Below are records; count how many of their lines contain the string "active", and give only that number.

BEGIN Information given

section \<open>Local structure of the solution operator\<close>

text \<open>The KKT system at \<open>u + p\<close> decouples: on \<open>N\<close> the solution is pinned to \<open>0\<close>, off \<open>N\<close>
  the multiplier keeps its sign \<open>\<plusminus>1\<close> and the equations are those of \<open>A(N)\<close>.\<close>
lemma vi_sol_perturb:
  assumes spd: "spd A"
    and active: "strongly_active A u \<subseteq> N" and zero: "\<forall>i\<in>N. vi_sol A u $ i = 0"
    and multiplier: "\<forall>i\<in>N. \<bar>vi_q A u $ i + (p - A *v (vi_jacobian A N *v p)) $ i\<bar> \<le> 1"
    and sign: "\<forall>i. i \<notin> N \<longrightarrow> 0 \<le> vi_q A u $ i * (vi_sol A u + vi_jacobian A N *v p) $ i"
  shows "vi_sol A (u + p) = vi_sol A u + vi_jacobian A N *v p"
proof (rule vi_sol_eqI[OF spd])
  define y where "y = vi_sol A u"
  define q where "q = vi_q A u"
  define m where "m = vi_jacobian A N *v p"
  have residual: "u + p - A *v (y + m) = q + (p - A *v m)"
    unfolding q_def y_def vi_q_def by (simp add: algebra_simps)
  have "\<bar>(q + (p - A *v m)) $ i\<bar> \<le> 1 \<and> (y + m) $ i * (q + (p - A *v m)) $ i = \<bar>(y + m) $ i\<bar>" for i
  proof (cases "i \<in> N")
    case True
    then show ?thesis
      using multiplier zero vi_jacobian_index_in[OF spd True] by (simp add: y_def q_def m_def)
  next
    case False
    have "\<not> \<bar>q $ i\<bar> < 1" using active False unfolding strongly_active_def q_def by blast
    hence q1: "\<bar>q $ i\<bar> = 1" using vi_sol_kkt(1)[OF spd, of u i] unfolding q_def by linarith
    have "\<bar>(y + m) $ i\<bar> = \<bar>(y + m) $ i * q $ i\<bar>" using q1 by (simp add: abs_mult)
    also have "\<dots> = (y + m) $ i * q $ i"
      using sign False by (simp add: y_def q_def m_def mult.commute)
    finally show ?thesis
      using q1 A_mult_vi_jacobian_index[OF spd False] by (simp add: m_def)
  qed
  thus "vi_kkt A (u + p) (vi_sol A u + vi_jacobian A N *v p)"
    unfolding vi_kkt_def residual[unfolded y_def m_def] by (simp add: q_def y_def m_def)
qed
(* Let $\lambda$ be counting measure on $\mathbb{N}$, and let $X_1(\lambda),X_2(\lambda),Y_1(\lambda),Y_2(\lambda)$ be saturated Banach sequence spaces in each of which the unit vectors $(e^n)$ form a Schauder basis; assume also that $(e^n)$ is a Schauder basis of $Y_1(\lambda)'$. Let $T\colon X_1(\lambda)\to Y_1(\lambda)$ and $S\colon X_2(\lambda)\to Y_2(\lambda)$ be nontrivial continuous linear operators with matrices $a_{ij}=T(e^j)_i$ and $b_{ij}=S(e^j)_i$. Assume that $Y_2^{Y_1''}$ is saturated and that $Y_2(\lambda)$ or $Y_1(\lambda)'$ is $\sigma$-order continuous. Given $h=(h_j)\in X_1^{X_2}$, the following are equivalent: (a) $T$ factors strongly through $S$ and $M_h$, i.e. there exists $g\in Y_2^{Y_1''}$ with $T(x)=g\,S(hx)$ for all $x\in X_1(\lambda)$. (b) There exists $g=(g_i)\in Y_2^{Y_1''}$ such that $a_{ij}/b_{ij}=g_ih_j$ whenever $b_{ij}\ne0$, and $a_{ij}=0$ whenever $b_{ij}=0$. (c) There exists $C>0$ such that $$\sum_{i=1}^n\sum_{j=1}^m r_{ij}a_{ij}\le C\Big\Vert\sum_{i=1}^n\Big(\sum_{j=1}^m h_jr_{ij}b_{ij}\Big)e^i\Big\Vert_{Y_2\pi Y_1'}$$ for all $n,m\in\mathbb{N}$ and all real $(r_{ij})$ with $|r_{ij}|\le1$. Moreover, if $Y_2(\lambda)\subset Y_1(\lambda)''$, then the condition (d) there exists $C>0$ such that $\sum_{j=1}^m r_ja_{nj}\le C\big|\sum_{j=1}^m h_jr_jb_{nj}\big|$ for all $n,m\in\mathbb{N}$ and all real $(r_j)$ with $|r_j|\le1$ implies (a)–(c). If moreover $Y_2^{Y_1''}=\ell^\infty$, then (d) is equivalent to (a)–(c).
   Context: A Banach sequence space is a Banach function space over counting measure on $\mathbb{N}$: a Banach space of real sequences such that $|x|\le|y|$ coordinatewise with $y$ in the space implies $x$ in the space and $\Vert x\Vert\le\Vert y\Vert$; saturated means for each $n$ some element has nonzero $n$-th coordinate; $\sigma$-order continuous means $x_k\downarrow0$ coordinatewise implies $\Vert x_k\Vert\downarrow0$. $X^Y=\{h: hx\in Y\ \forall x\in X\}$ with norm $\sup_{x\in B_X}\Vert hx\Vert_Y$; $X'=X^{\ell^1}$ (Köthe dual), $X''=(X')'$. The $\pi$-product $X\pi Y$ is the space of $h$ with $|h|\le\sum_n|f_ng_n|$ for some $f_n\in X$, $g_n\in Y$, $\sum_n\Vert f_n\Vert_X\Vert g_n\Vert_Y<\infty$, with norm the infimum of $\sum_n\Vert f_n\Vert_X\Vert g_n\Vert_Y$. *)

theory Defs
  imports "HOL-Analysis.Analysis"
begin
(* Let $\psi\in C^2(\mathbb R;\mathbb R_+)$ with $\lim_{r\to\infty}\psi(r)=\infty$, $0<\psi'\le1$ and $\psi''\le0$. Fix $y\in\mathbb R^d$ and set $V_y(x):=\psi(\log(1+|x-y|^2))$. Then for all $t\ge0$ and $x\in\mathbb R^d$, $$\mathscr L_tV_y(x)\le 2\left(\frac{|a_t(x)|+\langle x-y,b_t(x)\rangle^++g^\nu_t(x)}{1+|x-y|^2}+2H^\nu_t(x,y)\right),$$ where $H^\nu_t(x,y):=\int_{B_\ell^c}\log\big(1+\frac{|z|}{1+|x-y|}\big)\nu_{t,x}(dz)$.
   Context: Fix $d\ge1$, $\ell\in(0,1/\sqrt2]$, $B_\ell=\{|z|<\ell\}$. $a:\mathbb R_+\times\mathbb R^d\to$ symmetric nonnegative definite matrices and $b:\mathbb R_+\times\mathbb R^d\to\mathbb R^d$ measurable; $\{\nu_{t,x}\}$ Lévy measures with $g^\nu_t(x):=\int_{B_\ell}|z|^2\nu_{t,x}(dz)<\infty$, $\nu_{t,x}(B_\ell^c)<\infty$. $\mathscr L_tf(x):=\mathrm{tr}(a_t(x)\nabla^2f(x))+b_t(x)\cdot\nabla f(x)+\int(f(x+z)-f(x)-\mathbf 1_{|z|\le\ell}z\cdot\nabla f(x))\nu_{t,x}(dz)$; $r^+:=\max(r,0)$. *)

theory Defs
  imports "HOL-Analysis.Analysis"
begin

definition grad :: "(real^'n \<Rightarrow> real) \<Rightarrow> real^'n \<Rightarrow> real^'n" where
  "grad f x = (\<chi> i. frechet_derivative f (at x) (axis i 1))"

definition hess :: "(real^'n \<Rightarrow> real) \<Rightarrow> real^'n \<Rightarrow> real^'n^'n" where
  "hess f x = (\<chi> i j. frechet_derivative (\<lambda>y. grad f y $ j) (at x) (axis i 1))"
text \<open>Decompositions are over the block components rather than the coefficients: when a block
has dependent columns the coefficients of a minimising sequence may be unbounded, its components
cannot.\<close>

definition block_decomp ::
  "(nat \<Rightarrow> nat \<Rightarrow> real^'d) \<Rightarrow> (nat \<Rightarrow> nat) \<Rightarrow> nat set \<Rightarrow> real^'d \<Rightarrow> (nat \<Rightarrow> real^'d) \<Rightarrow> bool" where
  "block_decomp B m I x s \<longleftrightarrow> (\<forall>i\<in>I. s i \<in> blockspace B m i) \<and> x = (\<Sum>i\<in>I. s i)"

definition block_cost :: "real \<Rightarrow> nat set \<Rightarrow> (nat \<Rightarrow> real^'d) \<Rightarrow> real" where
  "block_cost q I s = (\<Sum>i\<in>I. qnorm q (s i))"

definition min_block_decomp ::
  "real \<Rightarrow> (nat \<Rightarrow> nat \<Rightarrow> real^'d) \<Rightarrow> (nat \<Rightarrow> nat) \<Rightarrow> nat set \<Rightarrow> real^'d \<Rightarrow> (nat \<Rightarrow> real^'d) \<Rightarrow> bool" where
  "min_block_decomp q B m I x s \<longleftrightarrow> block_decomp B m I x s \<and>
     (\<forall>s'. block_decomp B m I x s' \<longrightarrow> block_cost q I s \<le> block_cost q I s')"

END Information given
BEGIN Information given

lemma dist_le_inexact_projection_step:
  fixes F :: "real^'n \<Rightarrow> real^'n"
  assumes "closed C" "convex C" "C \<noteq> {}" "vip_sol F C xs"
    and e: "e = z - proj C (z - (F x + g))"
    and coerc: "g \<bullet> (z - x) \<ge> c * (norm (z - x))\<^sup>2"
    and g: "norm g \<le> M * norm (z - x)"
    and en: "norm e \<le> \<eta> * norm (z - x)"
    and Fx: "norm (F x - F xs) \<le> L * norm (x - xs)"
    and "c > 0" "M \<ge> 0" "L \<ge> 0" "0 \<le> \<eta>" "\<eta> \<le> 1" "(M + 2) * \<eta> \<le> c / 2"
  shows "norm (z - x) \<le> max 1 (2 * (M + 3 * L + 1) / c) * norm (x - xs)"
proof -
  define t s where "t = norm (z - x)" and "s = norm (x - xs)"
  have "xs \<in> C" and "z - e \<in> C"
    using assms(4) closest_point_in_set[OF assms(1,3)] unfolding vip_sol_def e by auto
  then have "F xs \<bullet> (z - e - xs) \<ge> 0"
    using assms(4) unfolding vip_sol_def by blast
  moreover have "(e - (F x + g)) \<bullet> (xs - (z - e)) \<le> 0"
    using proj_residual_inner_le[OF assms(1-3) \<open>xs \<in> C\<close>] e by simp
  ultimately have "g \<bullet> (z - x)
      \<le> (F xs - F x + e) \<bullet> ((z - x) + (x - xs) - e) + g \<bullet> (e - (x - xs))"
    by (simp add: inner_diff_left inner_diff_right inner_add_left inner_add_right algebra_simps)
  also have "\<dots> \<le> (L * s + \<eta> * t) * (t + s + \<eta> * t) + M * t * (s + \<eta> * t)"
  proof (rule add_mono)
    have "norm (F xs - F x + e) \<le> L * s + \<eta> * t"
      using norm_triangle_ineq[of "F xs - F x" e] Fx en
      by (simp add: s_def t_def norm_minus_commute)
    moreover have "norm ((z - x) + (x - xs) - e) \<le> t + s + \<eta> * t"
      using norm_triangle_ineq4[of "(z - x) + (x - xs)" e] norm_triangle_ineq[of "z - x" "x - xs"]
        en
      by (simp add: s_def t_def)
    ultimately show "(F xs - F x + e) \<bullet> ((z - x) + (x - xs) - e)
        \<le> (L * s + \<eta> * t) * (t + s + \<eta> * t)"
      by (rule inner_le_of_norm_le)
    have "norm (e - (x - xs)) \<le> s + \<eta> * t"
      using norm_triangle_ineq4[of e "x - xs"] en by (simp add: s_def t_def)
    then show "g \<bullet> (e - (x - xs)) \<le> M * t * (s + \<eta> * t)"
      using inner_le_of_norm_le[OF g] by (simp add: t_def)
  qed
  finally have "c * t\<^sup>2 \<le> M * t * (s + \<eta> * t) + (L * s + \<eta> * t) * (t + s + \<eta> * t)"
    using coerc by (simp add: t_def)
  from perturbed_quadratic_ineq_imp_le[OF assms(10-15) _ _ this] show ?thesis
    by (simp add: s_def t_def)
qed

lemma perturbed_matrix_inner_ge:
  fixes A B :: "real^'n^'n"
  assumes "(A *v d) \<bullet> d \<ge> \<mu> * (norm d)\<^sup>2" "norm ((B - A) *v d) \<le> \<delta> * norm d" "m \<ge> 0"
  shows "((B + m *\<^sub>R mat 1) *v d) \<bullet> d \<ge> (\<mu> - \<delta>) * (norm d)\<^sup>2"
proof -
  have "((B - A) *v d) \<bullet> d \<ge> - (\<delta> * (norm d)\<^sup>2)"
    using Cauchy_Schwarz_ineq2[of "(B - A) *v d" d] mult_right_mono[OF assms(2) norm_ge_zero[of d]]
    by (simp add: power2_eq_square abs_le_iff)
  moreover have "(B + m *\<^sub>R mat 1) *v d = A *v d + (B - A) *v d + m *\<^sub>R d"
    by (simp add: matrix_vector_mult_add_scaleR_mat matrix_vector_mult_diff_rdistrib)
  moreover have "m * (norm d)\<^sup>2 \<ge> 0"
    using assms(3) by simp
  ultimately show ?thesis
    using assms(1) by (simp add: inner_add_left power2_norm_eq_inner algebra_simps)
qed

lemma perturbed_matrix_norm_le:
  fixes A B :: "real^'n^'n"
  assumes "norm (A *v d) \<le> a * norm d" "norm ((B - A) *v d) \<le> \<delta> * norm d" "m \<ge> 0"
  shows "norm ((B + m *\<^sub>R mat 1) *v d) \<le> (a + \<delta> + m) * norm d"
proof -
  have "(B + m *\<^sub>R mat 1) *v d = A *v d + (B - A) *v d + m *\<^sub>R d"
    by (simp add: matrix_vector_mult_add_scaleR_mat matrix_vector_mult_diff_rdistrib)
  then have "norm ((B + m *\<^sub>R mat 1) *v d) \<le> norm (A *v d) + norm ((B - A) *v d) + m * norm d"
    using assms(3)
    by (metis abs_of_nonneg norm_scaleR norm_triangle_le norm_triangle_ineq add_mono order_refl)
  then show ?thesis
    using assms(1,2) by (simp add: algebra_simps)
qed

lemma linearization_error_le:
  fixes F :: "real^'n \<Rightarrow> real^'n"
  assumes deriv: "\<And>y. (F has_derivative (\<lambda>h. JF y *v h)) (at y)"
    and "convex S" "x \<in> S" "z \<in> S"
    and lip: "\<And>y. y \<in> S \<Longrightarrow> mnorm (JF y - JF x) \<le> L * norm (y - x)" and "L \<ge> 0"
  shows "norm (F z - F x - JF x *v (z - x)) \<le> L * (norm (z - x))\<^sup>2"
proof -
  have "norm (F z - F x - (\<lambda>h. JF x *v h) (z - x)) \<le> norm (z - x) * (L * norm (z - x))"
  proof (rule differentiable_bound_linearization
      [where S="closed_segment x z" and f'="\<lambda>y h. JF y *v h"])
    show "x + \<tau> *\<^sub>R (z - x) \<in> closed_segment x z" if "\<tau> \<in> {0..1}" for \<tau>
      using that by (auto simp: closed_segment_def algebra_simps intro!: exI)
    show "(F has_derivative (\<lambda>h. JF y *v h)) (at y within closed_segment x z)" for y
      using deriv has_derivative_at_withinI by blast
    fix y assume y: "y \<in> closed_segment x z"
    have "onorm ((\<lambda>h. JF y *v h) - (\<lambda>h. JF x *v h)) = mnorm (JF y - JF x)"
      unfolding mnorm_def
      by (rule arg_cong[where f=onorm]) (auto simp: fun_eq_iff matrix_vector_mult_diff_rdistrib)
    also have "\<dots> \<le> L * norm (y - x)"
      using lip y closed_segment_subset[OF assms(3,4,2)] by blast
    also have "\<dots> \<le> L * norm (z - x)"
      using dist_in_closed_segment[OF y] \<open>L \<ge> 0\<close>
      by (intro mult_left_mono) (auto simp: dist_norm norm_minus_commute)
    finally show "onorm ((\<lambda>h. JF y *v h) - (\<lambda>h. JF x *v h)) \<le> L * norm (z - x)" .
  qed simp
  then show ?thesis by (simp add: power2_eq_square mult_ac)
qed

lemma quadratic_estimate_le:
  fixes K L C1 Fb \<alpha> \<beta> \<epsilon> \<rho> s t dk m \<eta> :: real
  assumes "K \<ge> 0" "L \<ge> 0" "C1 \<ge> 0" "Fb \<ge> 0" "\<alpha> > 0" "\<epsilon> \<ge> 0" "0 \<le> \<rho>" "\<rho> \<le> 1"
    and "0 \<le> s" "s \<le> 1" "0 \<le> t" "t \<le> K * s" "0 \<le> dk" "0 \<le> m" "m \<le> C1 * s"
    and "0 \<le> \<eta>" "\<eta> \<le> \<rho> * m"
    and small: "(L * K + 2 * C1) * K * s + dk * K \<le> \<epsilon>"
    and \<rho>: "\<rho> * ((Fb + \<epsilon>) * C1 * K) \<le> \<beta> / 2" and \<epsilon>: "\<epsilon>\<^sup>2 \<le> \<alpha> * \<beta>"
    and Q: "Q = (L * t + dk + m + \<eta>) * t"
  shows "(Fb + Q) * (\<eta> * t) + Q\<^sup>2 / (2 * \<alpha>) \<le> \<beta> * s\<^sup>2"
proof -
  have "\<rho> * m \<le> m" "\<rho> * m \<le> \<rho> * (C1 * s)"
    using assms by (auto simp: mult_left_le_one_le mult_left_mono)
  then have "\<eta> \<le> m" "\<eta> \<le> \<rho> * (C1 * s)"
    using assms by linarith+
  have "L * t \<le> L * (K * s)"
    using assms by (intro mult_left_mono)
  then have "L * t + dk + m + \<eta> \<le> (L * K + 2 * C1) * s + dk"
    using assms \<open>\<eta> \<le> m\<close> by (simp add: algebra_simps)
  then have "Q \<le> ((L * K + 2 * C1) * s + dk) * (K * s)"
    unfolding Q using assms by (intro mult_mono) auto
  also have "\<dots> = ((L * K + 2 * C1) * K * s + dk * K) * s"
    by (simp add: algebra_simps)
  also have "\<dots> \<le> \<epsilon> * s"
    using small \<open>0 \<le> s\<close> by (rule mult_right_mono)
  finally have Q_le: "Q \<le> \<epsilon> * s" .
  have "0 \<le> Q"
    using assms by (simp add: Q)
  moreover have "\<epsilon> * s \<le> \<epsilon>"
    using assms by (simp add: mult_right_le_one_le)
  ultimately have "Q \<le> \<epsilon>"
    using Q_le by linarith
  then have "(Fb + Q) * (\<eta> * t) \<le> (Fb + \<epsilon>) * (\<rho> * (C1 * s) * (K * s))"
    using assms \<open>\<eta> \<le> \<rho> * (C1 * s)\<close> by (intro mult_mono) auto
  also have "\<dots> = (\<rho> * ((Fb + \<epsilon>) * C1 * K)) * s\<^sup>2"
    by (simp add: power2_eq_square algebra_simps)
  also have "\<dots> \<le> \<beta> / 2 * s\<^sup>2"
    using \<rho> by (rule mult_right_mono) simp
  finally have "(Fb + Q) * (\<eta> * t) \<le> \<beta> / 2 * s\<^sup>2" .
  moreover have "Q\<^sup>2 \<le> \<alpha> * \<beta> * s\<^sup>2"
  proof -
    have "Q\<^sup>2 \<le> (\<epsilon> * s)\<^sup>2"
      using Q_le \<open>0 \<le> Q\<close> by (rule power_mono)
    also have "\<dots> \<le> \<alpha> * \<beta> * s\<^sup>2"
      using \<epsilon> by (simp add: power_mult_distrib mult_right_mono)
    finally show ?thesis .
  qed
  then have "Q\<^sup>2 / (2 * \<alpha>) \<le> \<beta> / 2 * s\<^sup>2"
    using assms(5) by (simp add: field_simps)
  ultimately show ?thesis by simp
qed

END Information given

• _Solution_
2